Kinsorino, I think there are only a couple now still in nappies and believe they do have additional needs, which is fair enough. Nobody minds helping a child that needs it. It's what we do. The nursery staff have managed to toilet train the rest. My point was it took a supreme amount of effort to get mine out of nappies at 3. I spent the whole summer cleaning up wee, encouraging using the potty/toilet. There just seems to be a small amount of parents who really can't be arsed because school will do it.

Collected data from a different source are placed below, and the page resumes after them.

lemma expect_fiber:
  assumes "finite V" and "\<And>ss xs ys. (ss, xs, ys) \<in> traj k \<Longrightarrow> \<phi> ss xs ys \<in> V"
  shows "expect q k (\<lambda>ss xs ys. f ss xs ys * g (\<phi> ss xs ys))
       = (\<Sum>v\<in>V. expect q k (\<lambda>ss xs ys. f ss xs ys * (if \<phi> ss xs ys = v then 1 else 0)) * g v)"
proof -
  have "expect q k (\<lambda>ss xs ys. f ss xs ys * g (\<phi> ss xs ys))
      = (\<Sum>w\<in>traj k. (case w of (ss, xs, ys) \<Rightarrow> f ss xs ys * joint k Q PX1 PS1 q ss xs ys)
                     * g (case w of (ss, xs, ys) \<Rightarrow> \<phi> ss xs ys))"
    unfolding expect_def by (intro sum.cong refl) (auto simp: ac_simps)
  also have "\<dots> = (\<Sum>v\<in>V. (\<Sum>w\<in>traj k. if (case w of (ss, xs, ys) \<Rightarrow> \<phi> ss xs ys) = v
      then (case w of (ss, xs, ys) \<Rightarrow> f ss xs ys * joint k Q PX1 PS1 q ss xs ys) else 0) * g v)"
    using assms by (intro sum_mult_fiber) auto
  also have "\<dots> = (\<Sum>v\<in>V. expect q k (\<lambda>ss xs ys. f ss xs ys * (if \<phi> ss xs ys = v then 1 else 0)) * g v)"
    unfolding expect_def by (intro sum.cong refl arg_cong2[where f="(*)"]) auto
  finally show ?thesis .
qed

lemma Q_nonneg: "i \<le> mx \<Longrightarrow> j \<le> mx \<Longrightarrow> 0 \<le> Q i j"
  using stochastic_Q by (auto simp: stochastic_def)

lemma sum_Q: "i \<le> mx \<Longrightarrow> (\<Sum>j\<in>{0..mx}. Q i j) = 1"
  using stochastic_Q by (auto simp: stochastic_def)

lemma PX1_nonneg: "i \<le> mx \<Longrightarrow> 0 \<le> PX1 i"
  using pmf_X1 by (auto simp: is_pmf_on_def)

lemma PS1_nonneg: "i \<le> ms \<Longrightarrow> 0 \<le> PS1 i"
  using pmf_S1 by (auto simp: is_pmf_on_def)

SootyandMathew · 04/03/2018 10:53

Do the teachers change them?

YouTheCat · 04/03/2018 10:54

That lovely task generally falls to TAs.

HolyMountain · 04/03/2018 10:55

Sooty in my class , as the TA, it’s my job to sort out and help those with their toileting needs.

ivenoideawhatimdoing · 04/03/2018 10:56

My sister is a teacher and I know she really didn’t appreciate when parents would start on her because she dared to either question their child’s behaviour/parenting/give homework/send a letter/any minor ailment. It was a very volatile school but she loved her kids.

I personally never quite forgave Mrs Elliot in year two for forcing us to call our jumpers woolies. So it works both ways really!

MidniteScribbler · 04/03/2018 10:56

Even after diagnosis, teachers still get frustrated with him!

A diagnosis does not mean that things aren't frustrating.

I've have a child with ASD in my classroom. Some of his behaviours are down to his ASD and we work with those and put strategies in place. Some of his behaviours are because he is an 8 year old child, and those frustrate the heck out of me, just like many of the behaviours of all the other 8 year olds in my classroom frustrate me.

If any parent of a child with SN has never been frustrated or upset by the behaviour of their child, then they are a saint. But everyone gets frustrated sometimes, and that's ok. It's how you react to it with the child that is important, not whether you walk into your office at lunchtime and tell your colleague 'Joe is doing my head in today'.

MsHarry · 04/03/2018 10:57

Not really a peeve but I really do deserve an Oscar for my superb acting skills in looking genuinely amazed when I see the millionth wobbly tooth, 2 inches from my face, on the face of a very excited year 2!